US 12,223,426 B2
	Method and apparatus for designing and testing audio codec by using white noise modeling
Jongmo Sung, Daejeon (KR); Seung Kwon Beack, Daejeon (KR); Tae Jin Lee, Daejeon (KR); Woo-taek Lim, Daejeon (KR); Inseon Jang, Daejeon (KR); Byeongho Cho, Daejeon (KR); Young Cheol Park, Wonju-si (KR); Joon Byun, Wonju-si (KR); and Seungmin Shin, Wonju-si (KR)
Assigned to ELECTRONICS AND TELECOMMUNICATIONS RESEARCH INSTITUTE, Daejeon (KR); and YONSEI UNIVERSITY WONJU INDUSTRY-ACADEMIC COOPERATION FOUNDATION, Wonju-si (KR)
Filed by ELECTRONICS AND TELECOMMUNICATIONS RESEARCH INSTITUTE, Daejeon (KR); and YONSEI UNIVERSITY WONJU INDUSTRY-ACADEMIC COOPERATION FOUNDATION, Wonju-si (KR)
Filed on Feb. 8, 2023, as Appl. No. 18/166,407.
Claims priority of application No. 10-2022-0025344 (KR), filed on Feb. 25, 2022.
Prior Publication US 2023/0274141 A1, Aug. 31, 2023
Int. Cl. G10L 19/00 (2013.01); G06N 3/08 (2023.01); G10L 19/028 (2013.01); G10L 19/038 (2013.01); G10L 25/30 (2013.01); G10L 25/60 (2013.01); G10L 25/69 (2013.01); G06N 3/084 (2023.01); G10L 15/00 (2013.01); G10L 19/22 (2013.01)

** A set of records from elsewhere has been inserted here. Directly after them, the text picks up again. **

(* Let $K/\mathbb{Q}$ be a quadratic extension, and let $x_0,x_1,x_2,x_3\in K$, not all zero, be such that $x_i^2-x_{i-1}^2=x_j^2-x_{j-1}^2$ for all $i,j\in\{1,2,3\}$. Then $x_0\neq 0$; and if $q:=(x_1/x_0)^2-1$, then either $q=0$ or $\frac{(3q+2)^2}{q^2}\in\mathbb{Q}$. *)

theory Defs
  imports Complex_Main
begin

definition quadratic_ext_of_rat :: "'a::field_char_0 itself \<Rightarrow> bool" where
  "quadratic_ext_of_rat _ \<longleftrightarrow>
     vector_space.dim (\<lambda>(r::rat) (y::'a). of_rat r * y) (UNIV :: 'a set) = 2"

end

theory Submission
  imports Defs "HOL-Computational_Algebra.Nth_Powers"
begin

text \<open>
  Equal differences give \<open>x\<^sub>2\<^sup>2 = 2 x\<^sub>1\<^sup>2 - x\<^sub>0\<^sup>2\<close> and \<open>x\<^sub>3\<^sup>2 = 3 x\<^sub>1\<^sup>2 - 2 x\<^sub>0\<^sup>2\<close>. If \<open>x\<^sub>0 = 0\<close>,
  then \<open>x\<^sub>2/x\<^sub>1\<close> and \<open>x\<^sub>3/x\<^sub>1\<close> are square roots of 2 and 3; the nontrivial automorphism \<open>\<sigma>\<close>
  of \<open>K\<close> negates both, so it fixes their product, which would be a rational square root of 6.

  Otherwise \<open>a = x\<^sub>1/x\<^sub>0\<close>, \<open>b = x\<^sub>2/x\<^sub>0\<close>, \<open>c = x\<^sub>3/x\<^sub>0\<close> satisfy \<open>a\<^sup>2 = 1 + q\<close>,
  \<open>b\<^sup>2 = 1 + 2q\<close>, \<open>c\<^sup>2 = 1 + 3q\<close>, so \<open>(q, abc)\<close> lies on the elliptic curve
  \<open>Y\<^sup>2 = (1 + X)(1 + 2X)(1 + 3X)\<close>. If \<open>q \<notin> \<rat>\<close>, the chord through this point and its
  conjugate is \<open>\<sigma>\<close>-invariant, hence rational, and meets the curve a third time in a rational
  point. Euler's descent for \<open>x\<^sup>4 - x\<^sup>2y\<^sup>2 + y\<^sup>4 = z\<^sup>2\<close> shows that the rational points have
  \<open>X \<in> {0, -1, -1/2, -1/3, -2/3}\<close>. Evaluating the chord equation at \<open>X = -1\<close> and
  \<open>X = -1/2\<close> excludes all of these except \<open>X = -1/3\<close>, and then comparing coefficients gives
  \<open>3 q \<sigma>(q) + q + \<sigma>(q) = 0\<close>: the conjugate of \<open>(3q + 2)/q\<close> is its negative, so its square
  is rational.
\<close>

section \<open>Euler's quartic \<open>x\<^sup>4 - x\<^sup>2y\<^sup>2 + y\<^sup>4 = z\<^sup>2\<close>\<close>

lemma coprime_if_no_common_prime:
  fixes a b :: "'a::factorial_semiring"
  assumes "a \<noteq> 0 \<or> b \<noteq> 0" and "\<And>p. prime p \<Longrightarrow> p dvd a \<Longrightarrow> p dvd b \<Longrightarrow> False"
  shows "coprime a b"
proof (rule ccontr)
  assume "\<not> coprime a b"
  then obtain c where c: "c dvd a" "c dvd b" "\<not> is_unit c" by (rule not_coprimeE)
  with assms(1) have "c \<noteq> 0" by auto
  with c(3) obtain p where "p dvd c" "prime p" using prime_divisor_exists by blast
  with c assms(2) show False by (meson dvd_trans)
qed

lemma coprime_of_sum_diff:
  fixes u v :: "'a::{comm_ring_1,algebraic_semidom}"
  assumes "coprime (u + v) (v - u)"
  shows "coprime u v"
  using assms by (rule coprime_imp_coprime) auto

lemma coprime_product_nth_power_int:
  fixes u v w :: int
  assumes "u > 0" "v > 0" "coprime u v" "u * v = w ^ n"
  obtains m k where "u = m ^ n" "v = k ^ n"
proof -
  have factor: "\<exists>m. a = m ^ n" if "a > 0" "b > 0" "coprime a b" "a * b = w ^ n" for a b
  proof -
    have "nat a * nat b = nat \<bar>w\<bar> ^ n"
      using that by (metis abs_mult abs_of_pos mult_pos_pos nat_abs_mult_distrib nat_power_eq abs_ge_zero power_abs)
    hence "is_nth_power n (nat a)"
      using is_nth_power_mult_coprime_natD(1) that(1-3)
      by (metis coprime_int_iff is_nth_powerI int_nat_eq less_imp_le zero_less_nat_eq)
    then obtain m where "nat a = m ^ n" by (auto elim: is_nth_powerE)
    hence "a = int m ^ n" using that(1) by (metis int_nat_eq less_imp_le of_nat_power)
    thus ?thesis by blast
  qed
  show thesis
    using factor[OF assms] factor[of v u] assms that by (metis coprime_commute mult.commute)
qed

lemma odd_odd_halves:
  fixes z t :: int
  assumes "odd z" "odd t" "\<bar>t\<bar> < z"
  obtains u v where "0 < u" "0 < v" "z = u + v" "t = v - u"
proof -
  have "even (z - t)" "even (z + t)" using assms(1,2) by simp_all
  then obtain u v where u: "z - t = 2 * u" and v: "z + t = 2 * v" by (meson evenE)
  show thesis by (rule that[of u v]) (use u v assms(3) in linarith)+
qed

lemma odd_square_plus_square_not_dvd_4:
  fixes s y :: int
  assumes "odd s"
  shows "\<not> 4 dvd y^2 + s^2"
proof -
  obtain k where "s = 2 * k + 1" using assms by (rule oddE)
  hence s2: "s^2 = 4 * (k^2 + k) + 1" by (simp add: power2_eq_square algebra_simps)
  obtain j where "y = 2 * j \<or> y = 2 * j + 1" by (metis evenE oddE)
  hence "y^2 = 4 * j^2 \<or> y^2 = 4 * (j^2 + j) + 1" by (auto simp: power2_eq_square algebra_simps)
  with s2 show ?thesis by presburger
qed

lemma three_dvd_square_minus_twice_square:
  fixes x y :: int
  assumes "3 dvd y^2 - 2 * x^2"
  shows "3 dvd x \<and> 3 dvd y"
proof -
  have square_mod_3: "3 dvd a \<or> (\<exists>k. a^2 = 3 * k + 1)" for a :: int
  proof -
    have "\<exists>k. a = 3 * k \<or> a = 3 * k + 1 \<or> a = 3 * k + 2" by presburger
    then obtain k where "a = 3 * k \<or> a = 3 * k + 1 \<or> a = 3 * k + 2" by blast
    moreover have "(3 * k + 1)^2 = 3 * (3 * k^2 + 2 * k) + 1" "(3 * k + 2)^2 = 3 * (3 * k^2 + 4 * k + 1) + 1"
      by (simp_all add: power2_eq_square algebra_simps)
    ultimately show ?thesis by fastforce
  qed
  have "3 dvd y^2 \<longleftrightarrow> 3 dvd y" "3 dvd x^2 \<longleftrightarrow> 3 dvd x"
    by (simp_all add: prime_dvd_power_iff[of "3::int"])
  with assms square_mod_3[of x] square_mod_3[of y] show ?thesis by presburger
qed

definition nontrivial_euler_quartic :: "int \<Rightarrow> int \<Rightarrow> int \<Rightarrow> bool" where
  "nontrivial_euler_quartic x y z \<longleftrightarrow>
     coprime x y \<and> z^2 = x^4 - x^2 * y^2 + y^4 \<and> x \<noteq> 0 \<and> y \<noteq> 0 \<and> x^2 \<noteq> y^2 \<and> z > 0"

lemma euler_quartic_coprime:
  fixes x y z :: int
  assumes "coprime x y" "z^2 = x^4 - x^2 * y^2 + y^4"
  shows "coprime z x"
proof -
  have "coprime (y^4) x" using assms(1) by (simp add: coprime_commute)
  moreover have "e dvd y^4" if "e dvd z" "e dvd x" for e
  proof -
    have "y^4 = z * z - x * (x^3 - x * y^2)"
      using assms(2) by (simp add: power2_eq_square power3_eq_cube power4_eq_xxxx algebra_simps)
    with that show ?thesis by (metis dvd_diff dvd_mult2)
  qed
  ultimately show ?thesis by (rule coprime_imp_coprime) simp
qed

text \<open>
  The primitive triple \<open>d\<^sup>2 = (2s)\<^sup>2 + t\<^sup>2\<close> with \<open>t\<close> odd has \<open>t = n\<^sup>2 - m\<^sup>2\<close> and \<open>s\<^sup>2 = m\<^sup>2n\<^sup>2\<close>,
  and then \<open>s\<^sup>2 + t\<^sup>2 = m\<^sup>4 - m\<^sup>2n\<^sup>2 + n\<^sup>4\<close>.
\<close>

lemma euler_quartic_of_pythagorean_triple:
  fixes d t s w :: int
  assumes "odd d" "odd t" "coprime d t" "d > 0" "d^2 = 4 * s^2 + t^2" "s \<noteq> 0"
    and "w^2 = s^2 + t^2" "w > 0"
  shows "\<exists>m n. nontrivial_euler_quartic m n w"
proof -
  have "t^2 < d^2" using assms(5,6) by simp
  hence "\<bar>t\<bar> < d" using \<open>d > 0\<close> by (metis power2_abs power_less_imp_less_base less_imp_le)
  then obtain u v where uv: "0 < u" "0 < v" "d = u + v" "t = v - u"
    using odd_odd_halves \<open>odd d\<close> \<open>odd t\<close> by blast
  hence "coprime u v" using \<open>coprime d t\<close> by (simp add: coprime_of_sum_diff)
  moreover have "u * v = s^2" using assms(5) uv by (simp add: power2_eq_square algebra_simps)
  ultimately obtain m n where m: "u = m^2" and n: "v = n^2"
    using coprime_product_nth_power_int uv(1,2) by blast
  have "t = n^2 - m^2" "s^2 = m^2 * n^2" using uv m n \<open>u * v = s^2\<close> by (simp_all add: power_mult_distrib)
  have "nontrivial_euler_quartic m n w"
    unfolding nontrivial_euler_quartic_def
  proof (intro conjI)
    show "coprime m n" using \<open>coprime u v\<close> m n by simp
    show "w^2 = m^4 - m^2 * n^2 + n^4" using assms(7) \<open>t = n^2 - m^2\<close> \<open>s^2 = m^2 * n^2\<close>
      by (simp add: power2_eq_square power4_eq_xxxx algebra_simps)
    show "m \<noteq> 0" "n \<noteq> 0" using uv m n by auto
    show "m^2 \<noteq> n^2" using \<open>odd t\<close> \<open>t = n^2 - m^2\<close> by (metis diff_self even_zero)
  qed (use \<open>w > 0\<close> in simp)
  thus ?thesis by blast
qed

lemma euler_quartic_descent_odd:
  assumes sol: "nontrivial_euler_quartic x y z" and "odd x" "odd y"
  obtains m n z' where "nontrivial_euler_quartic m n z'" "z' < z"
proof -
  from sol have cop: "coprime x y" and eq: "z^2 = x^4 - x^2 * y^2 + y^4"
    and xy: "x^2 \<noteq> y^2" and zpos: "z > 0"
    by (simp_all add: nontrivial_euler_quartic_def)
  define T where "T = x * y"
  have "even (x^2 - y^2)" "even (x^2 + y^2)" using \<open>odd x\<close> \<open>odd y\<close> by simp_all
  then obtain S z' where S: "x^2 - y^2 = 2 * S" and z': "x^2 + y^2 = 2 * z'" by (meson evenE)
  have "S \<noteq> 0" using xy S by simp
  have "odd T" using \<open>odd x\<close> \<open>odd y\<close> by (simp add: T_def)
  have "z^2 = (x^2 - y^2)^2 + T^2"
    unfolding eq T_def by (simp add: power2_eq_square power4_eq_xxxx algebra_simps)
  hence zST: "z^2 = 4 * S^2 + T^2" by (simp add: S power_mult_distrib)
  have "(2 * z')^2 = (x^2 - y^2)^2 + 4 * T^2"
    unfolding z'[symmetric] T_def by (simp add: power2_eq_square algebra_simps)
  hence z'ST: "z'^2 = S^2 + T^2" by (simp add: S power_mult_distrib)
  have "odd (z^2)" unfolding zST using \<open>odd T\<close> by simp
  hence "odd z" by simp
  have "coprime z x" using euler_quartic_coprime[OF cop eq] .
  moreover have "coprime z y"
    using euler_quartic_coprime[of y x z] cop eq by (simp add: coprime_commute algebra_simps)
  ultimately have "coprime z T" by (simp add: T_def)
  have "x^2 > 0" using \<open>odd x\<close> by (metis even_zero zero_less_power2)
  hence "z' > 0" using z' by (smt (verit) zero_le_power2)
  then obtain m n where "nontrivial_euler_quartic m n z'"
    using euler_quartic_of_pythagorean_triple[OF \<open>odd z\<close> \<open>odd T\<close> \<open>coprime z T\<close> zpos zST \<open>S \<noteq> 0\<close> z'ST]
    by blast
  moreover have "z'^2 < z^2" using z'ST zST \<open>S \<noteq> 0\<close> by simp
  with zpos have "z' < z" by (simp add: power_less_imp_less_base)
  ultimately show thesis by (rule that)
qed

CPC G06N 3/08 (2013.01) [G10L 19/028 (2013.01); G10L 19/038 (2013.01); G10L 25/30 (2013.01); G10L 25/60 (2013.01); G10L 25/69 (2013.01); G06N 3/084 (2013.01); G10L 15/00 (2013.01); G10L 19/00 (2013.01); G10L 19/22 (2013.01)]

12 Claims

1. A method of designing a neural network-based audio codec, the method comprising:

generating a quantized latent vector and a reconstructed signal corresponding to an input signal by using a white noise modeling-based quantization process;

computing a total loss for training of the neural network-based audio codec, based on the input signal, the reconstructed signal, and the quantized latent vector;

training the neural network-based audio codec by using the total loss; and

validating the trained neural network-based audio codec to select the best neural network-based audio codec,

wherein the computing of the total loss comprises:

calculating a reconstruction loss term as mean squared error (MSE) between the input signal and the reconstructed signal, a bit-rate control loss term as an entropy of the quantized latent vector, and a perceptual loss term reflecting human perceptual characteristics, respectively; and

calculating the total loss by adding the reconstruction loss term, the bit-rate control loss term, and the perceptual loss term,

wherein the reconstruction loss term is determined based on a square of an L2-norm of a difference between the input signal and the reconstructed signal,

wherein the bit-rate control loss term is determined based on probability distribution for a latent vector with added random noise,

wherein the latent vector with added random noise is generated by adding a random noise to a latent vector output from an encoder of the neural network-based audio codec that receives the input signal, and

wherein the quantized latent vector is generated by de-warping the latent vector with added random noise.